--- Work request ---
Using the entries below, write out the line with "by (rule span_mod_mult_left[where", the line with "qed (intro span_mod.scale span_mod.basis)", and every line in between, exactly as each is written.

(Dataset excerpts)
◆ ◆ ◆
lemma span_mod_normal_form:
  assumes "x \<in> span_mod Bs"
  shows "\<exists>N cf. (\<forall>j\<ge>N. cf j = 0) \<and> x - (\<Sum>j<N. fa_const (cf j) * Bs j) \<in> I_fa"
  using assms
proof induction
  case (basis j)
  have "(\<Sum>i<Suc j. fa_const (if i = j then 1 else 0) * Bs i) = Bs j"
    by (simp add: fa_const_zero fa_const_one if_distrib cong: if_cong)
  then show ?case
    by (intro exI[of _ "Suc j"] exI[of _ "\<lambda>i. if i = j then 1 else 0"]) (simp add: I_fa_zero)
next
  case (ideal x)
  then show ?case by (intro exI[of _ 0] exI[of _ "\<lambda>i. 0"]) simp
next
  case (add x y)
  then obtain N cf M cg where cf: "\<forall>j\<ge>N. cf j = 0" "x - (\<Sum>j<N. fa_const (cf j) * Bs j) \<in> I_fa"
    and cg: "\<forall>j\<ge>M. cg j = 0" "y - (\<Sum>j<M. fa_const (cg j) * Bs j) \<in> I_fa"
    by blast
  let ?K = "max N M"
  have "x + y - (\<Sum>j<?K. fa_const (cf j + cg j) * Bs j)
      = (x - (\<Sum>j<N. fa_const (cf j) * Bs j)) + (y - (\<Sum>j<M. fa_const (cg j) * Bs j))"
    using sum_lessThan_extend[OF cf(1), of ?K Bs] sum_lessThan_extend[OF cg(1), of ?K Bs]
    by (simp add: fa_const_add distrib_right sum.distrib)
  then have "x + y - (\<Sum>j<?K. fa_const (cf j + cg j) * Bs j) \<in> I_fa"
    using I_fa_add[OF cf(2) cg(2)] by (simp only:)
  with cf(1) cg(1) show ?case by (intro exI[of _ ?K] exI[of _ "\<lambda>j. cf j + cg j"]) simp
next
  case (scale x k)
  then obtain N cf where cf: "\<forall>j\<ge>N. cf j = 0" "x - (\<Sum>j<N. fa_const (cf j) * Bs j) \<in> I_fa"
    by blast
  have "fa_const k * x - (\<Sum>j<N. fa_const (k * cf j) * Bs j)
      = fa_const k * (x - (\<Sum>j<N. fa_const (cf j) * Bs j))"
    by (simp add: right_diff_distrib sum_distrib_left fa_const_mult mult.assoc)
  then show ?case
    using cf I_fa_mult_left[OF cf(2)]
    by (intro exI[of _ N] exI[of _ "\<lambda>j. k * cf j"]) simp
qed

lemma fA_mult_span_A_powers: "x \<in> span_mod (power fA) \<Longrightarrow> fA * x \<in> span_mod (power fA)"
  by (rule span_mod_mult_left[where Bs = "power fA"]) (metis power_Suc span_mod.basis)

lemma central_mult_span_A_powers:
  assumes "z * fA - fA * z \<in> R_fa" "z - fa_const k \<in> I_fa"
  shows "z * fA ^ n \<in> span_mod (power fA)"
  by (rule span_mod_cong[OF central_power_mod_I_fa[OF assms]]) (intro span_mod.scale span_mod.basis)

lemma fB_span_A_powers: "fB \<in> span_mod (power fA)"
proof (rule span_mod_cong)
  show "fB - fa_const (theta b nu 0) * fA ^ 0 \<in> I_fa" using I_fa_B by simp
qed (intro span_mod.scale span_mod.basis)

lemma fB_fA_span_A_powers: "fB * fA \<in> span_mod (power fA)"
proof (rule span_mod_cong)
  let ?s1 = "theta b nu 1" and ?t0 = "theta a nu 0" and ?p1 = "phi a b c nu 1"
  let ?y = "fa_const ?t0 * fB + fa_const ?s1 * fA ^ 1 - fa_const (?s1 * ?t0) * fA ^ 0 + fa_const ?p1 * fA ^ 0"
  have "fB * fA - ?y = (fB - fa_const ?s1) * (fA - fa_const ?t0) - fa_const ?p1"
    by (simp add: algebra_simps fa_const_mult fa_const_commute[of ?t0 fB])
      (simp only: fa_const_mult[symmetric] mult.commute)
  then show "fB * fA - ?y \<in> I_fa" using I_fa_BA by (simp only:)
  show "?y \<in> span_mod (power fA)"
    by (intro span_mod.add span_mod_diff span_mod.scale span_mod.basis fB_span_A_powers)
qed

text \<open>Eliminating D by [A,B] = 2D, the definition of \<alpha> writes B A A as 2\<alpha> - 2A\<delta> plus words in
  which B is followed by at most one A. As \<alpha> and \<delta> commute with A modulo the Racah relations
  and are scalars modulo I, this is the induction step.\<close>

lemma fB_fA_power_step:
  assumes IH0: "fB * fA ^ n \<in> span_mod (power fA)" and IH1: "fB * fA ^ Suc n \<in> span_mod (power fA)"
  shows "fB * fA ^ Suc (Suc n) \<in> span_mod (power fA)"
proof -
  let ?P = "fA ^ n :: 'a free_algebra"
  let ?R = "fA * fB - fB * fA - (fD + fD) :: 'a free_algebra"
  let ?S = "(fa_alpha * ?P + fa_alpha * ?P) - fA * (fA * (fB * ?P))
     + (fA * (fB * (fA * ?P)) + fA * (fB * (fA * ?P)))
     - (fA * (fa_delta * ?P) + fA * (fa_delta * ?P)) + (fA * (fA * ?P) + fA * (fA * ?P))
     + (fA * (fB * ?P) + fA * (fB * ?P)) + (fB * (fA * ?P) + fB * (fA * ?P))"
  have eq: "fB * fA ^ Suc (Suc n) = ?S + (fA * (?R * ?P) - ?R * (fA * ?P))"
    by (simp add: fa_alpha_def fa_delta_def algebra_simps)
  have A_P: "fA * ?P \<in> span_mod (power fA)"
    by (rule fA_mult_span_A_powers[OF span_mod.basis])
  have B_A_P: "fB * (fA * ?P) \<in> span_mod (power fA)" using IH1 by simp
  have S: "?S \<in> span_mod (power fA)"
    by (intro span_mod.add span_mod_diff fA_mult_span_A_powers IH0 A_P B_A_P
        central_mult_span_A_powers[OF R_fa_alpha_A I_fa_alpha]
        central_mult_span_A_powers[OF R_fa_delta_A I_fa_delta])
  have R: "fA * (?R * ?P) - ?R * (fA * ?P) \<in> I_fa"
    by (intro R_fa_subset_I_fa R_fa_diff R_fa_mult_left R_fa_mult_right R_fa_AB)
  show ?thesis unfolding eq by (rule span_mod.add[OF S span_mod.ideal[OF R]])
qed

lemma fB_fA_power_span: "fB * fA ^ n \<in> span_mod (power fA)"
proof -
  have "fB * fA ^ n \<in> span_mod (power fA) \<and> fB * fA ^ Suc n \<in> span_mod (power fA)"
  proof (induction n)
    case 0
    show ?case using fB_span_A_powers fB_fA_span_A_powers by simp
  next
    case (Suc n)
    then show ?case using fB_fA_power_step by blast
  qed
  then show ?thesis by blast
qed

lemma fC_fA_power_span: "fC * fA ^ n \<in> span_mod (power fA)"
proof -
  have eq: "fC * fA ^ n = fa_delta * fA ^ n - fA * fA ^ n - fB * fA ^ n"
    by (simp add: fa_delta_def algebra_simps)
  show ?thesis unfolding eq
    by (intro span_mod_diff central_mult_span_A_powers[OF R_fa_delta_A I_fa_delta]
        fA_mult_span_A_powers span_mod.basis fB_fA_power_span)
qed

end

context racah_module
begin

lemma fD_fA_power_span: "fD * fA ^ n \<in> span_mod (power fA)"
proof -
  let ?P = "fA ^ n :: 'a free_algebra"
  have "(fD + fD) * ?P - (fA * (fB * ?P) - fB * (fA * ?P)) = - ((fA * fB - fB * fA - (fD + fD)) * ?P)"
    by (simp add: algebra_simps)
  then have I: "(fD + fD) * ?P - (fA * (fB * ?P) - fB * (fA * ?P)) \<in> I_fa"
    using I_fa_diff[OF I_fa_zero R_fa_subset_I_fa[OF R_fa_mult_right[OF R_fa_AB]]] by simp
  have "fA * (fB * ?P) - fB * (fA * ?P) \<in> span_mod (power fA)"
    using fB_fA_power_span[of "Suc n"]
    by (intro span_mod_diff fA_mult_span_A_powers fB_fA_power_span) simp
  then have "fa_const (1 / 2) * ((fD + fD) * ?P) \<in> span_mod (power fA)"
    by (rule span_mod.scale[OF span_mod_cong[OF I]])
  moreover have "fa_const (1 / 2) * ((fD + fD) * ?P) = fD * ?P"
  proof -
    have "fa_const (1 / 2) * ((fD + fD) * ?P) = fa_const (1 / 2 + 1 / 2) * (fD * ?P)"
      by (simp only: fa_const_add distrib_left distrib_right)
    also have "\<dots> = fD * ?P"
      using char_ne_2 by (simp add: add_divide_distrib[symmetric] fa_const_one)
    finally show ?thesis .
  qed
  ultimately show ?thesis by simp
qed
◆ ◆ ◆
--- Task solution ---
  by (rule span_mod_mult_left[where Bs = "power fA"]) (metis power_Suc span_mod.basis)

lemma central_mult_span_A_powers:
  assumes "z * fA - fA * z \<in> R_fa" "z - fa_const k \<in> I_fa"
  shows "z * fA ^ n \<in> span_mod (power fA)"
  by (rule span_mod_cong[OF central_power_mod_I_fa[OF assms]]) (intro span_mod.scale span_mod.basis)

lemma fB_span_A_powers: "fB \<in> span_mod (power fA)"
proof (rule span_mod_cong)
  show "fB - fa_const (theta b nu 0) * fA ^ 0 \<in> I_fa" using I_fa_B by simp
qed (intro span_mod.scale span_mod.basis)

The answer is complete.